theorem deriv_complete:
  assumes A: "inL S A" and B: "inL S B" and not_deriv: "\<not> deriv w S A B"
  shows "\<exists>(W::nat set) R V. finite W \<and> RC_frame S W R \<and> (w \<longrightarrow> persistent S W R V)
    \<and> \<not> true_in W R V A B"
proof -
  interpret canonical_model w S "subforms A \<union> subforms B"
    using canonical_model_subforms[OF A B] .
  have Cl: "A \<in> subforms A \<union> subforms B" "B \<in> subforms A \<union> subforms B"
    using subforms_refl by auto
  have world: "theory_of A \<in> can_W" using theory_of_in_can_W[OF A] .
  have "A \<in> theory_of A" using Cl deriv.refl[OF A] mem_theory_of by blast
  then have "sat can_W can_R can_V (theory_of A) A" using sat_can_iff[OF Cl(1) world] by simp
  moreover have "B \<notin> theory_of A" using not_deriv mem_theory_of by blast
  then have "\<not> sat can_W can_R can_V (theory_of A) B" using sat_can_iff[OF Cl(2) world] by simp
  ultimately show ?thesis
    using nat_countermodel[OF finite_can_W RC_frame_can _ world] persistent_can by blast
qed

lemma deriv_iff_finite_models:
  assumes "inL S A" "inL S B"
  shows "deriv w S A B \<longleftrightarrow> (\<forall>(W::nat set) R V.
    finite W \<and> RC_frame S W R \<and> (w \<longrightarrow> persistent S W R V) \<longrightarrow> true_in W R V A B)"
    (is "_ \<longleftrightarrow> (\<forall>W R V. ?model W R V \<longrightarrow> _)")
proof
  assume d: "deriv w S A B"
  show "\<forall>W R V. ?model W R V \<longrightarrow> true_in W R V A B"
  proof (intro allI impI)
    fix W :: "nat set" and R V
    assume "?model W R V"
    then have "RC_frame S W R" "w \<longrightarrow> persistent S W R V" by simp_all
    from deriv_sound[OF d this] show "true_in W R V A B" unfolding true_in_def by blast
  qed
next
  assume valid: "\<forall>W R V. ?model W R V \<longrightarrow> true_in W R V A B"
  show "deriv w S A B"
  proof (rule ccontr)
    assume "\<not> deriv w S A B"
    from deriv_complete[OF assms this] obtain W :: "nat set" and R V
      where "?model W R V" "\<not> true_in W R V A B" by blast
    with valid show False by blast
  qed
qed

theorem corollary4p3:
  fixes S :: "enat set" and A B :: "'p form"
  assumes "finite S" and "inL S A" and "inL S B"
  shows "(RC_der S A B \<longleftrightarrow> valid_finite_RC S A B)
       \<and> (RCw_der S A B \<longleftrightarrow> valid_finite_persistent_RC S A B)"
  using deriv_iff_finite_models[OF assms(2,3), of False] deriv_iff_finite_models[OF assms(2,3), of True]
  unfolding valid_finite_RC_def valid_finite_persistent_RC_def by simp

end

...

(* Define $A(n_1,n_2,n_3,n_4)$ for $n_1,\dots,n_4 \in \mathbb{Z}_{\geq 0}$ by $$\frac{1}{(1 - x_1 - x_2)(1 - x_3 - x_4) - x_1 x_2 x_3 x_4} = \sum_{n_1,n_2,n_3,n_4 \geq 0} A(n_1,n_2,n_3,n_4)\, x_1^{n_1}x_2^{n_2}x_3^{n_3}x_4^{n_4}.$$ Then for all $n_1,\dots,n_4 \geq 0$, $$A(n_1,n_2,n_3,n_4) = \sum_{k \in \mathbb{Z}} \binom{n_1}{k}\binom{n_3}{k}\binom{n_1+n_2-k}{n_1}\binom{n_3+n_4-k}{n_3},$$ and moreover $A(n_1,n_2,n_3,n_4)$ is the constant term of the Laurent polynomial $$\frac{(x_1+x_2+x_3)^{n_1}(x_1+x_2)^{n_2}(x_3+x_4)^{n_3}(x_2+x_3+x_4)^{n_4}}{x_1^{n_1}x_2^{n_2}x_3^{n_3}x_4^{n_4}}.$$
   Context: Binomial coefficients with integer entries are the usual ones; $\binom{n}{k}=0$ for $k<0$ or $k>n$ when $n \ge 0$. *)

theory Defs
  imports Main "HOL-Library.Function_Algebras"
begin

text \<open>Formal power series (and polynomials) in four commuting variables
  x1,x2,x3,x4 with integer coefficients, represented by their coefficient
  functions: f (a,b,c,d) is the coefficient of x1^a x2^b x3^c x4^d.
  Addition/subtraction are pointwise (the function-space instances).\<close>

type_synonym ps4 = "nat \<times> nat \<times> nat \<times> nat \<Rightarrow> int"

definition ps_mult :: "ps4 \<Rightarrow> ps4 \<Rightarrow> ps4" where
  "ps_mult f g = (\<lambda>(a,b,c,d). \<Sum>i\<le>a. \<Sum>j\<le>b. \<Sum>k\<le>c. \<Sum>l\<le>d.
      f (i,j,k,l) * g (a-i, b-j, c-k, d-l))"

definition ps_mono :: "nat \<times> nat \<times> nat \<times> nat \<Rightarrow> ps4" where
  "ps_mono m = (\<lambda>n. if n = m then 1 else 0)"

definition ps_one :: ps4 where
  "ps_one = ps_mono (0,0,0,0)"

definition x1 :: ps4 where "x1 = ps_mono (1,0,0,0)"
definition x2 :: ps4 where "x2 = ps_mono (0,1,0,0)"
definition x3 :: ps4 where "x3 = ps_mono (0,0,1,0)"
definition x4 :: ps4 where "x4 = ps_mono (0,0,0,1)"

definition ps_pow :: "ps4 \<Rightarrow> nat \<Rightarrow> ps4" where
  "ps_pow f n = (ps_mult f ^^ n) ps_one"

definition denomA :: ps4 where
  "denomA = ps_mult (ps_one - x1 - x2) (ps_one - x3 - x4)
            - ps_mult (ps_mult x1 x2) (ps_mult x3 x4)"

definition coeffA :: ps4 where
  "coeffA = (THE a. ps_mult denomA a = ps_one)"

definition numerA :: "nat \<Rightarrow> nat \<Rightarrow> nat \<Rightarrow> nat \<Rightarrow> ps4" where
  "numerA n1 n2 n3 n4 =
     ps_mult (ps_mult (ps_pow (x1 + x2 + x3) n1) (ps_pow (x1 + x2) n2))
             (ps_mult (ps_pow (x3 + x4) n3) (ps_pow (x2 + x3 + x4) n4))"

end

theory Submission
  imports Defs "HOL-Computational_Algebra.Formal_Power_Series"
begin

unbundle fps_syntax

§ **What needs to be done**: Copy each line of the listing that carries the word "from".

§ **Response to the exercise**:
    from deriv_sound[OF d this] show "true_in W R V A B" unfolding true_in_def by blast
    from deriv_complete[OF assms this] obtain W :: "nat set" and R V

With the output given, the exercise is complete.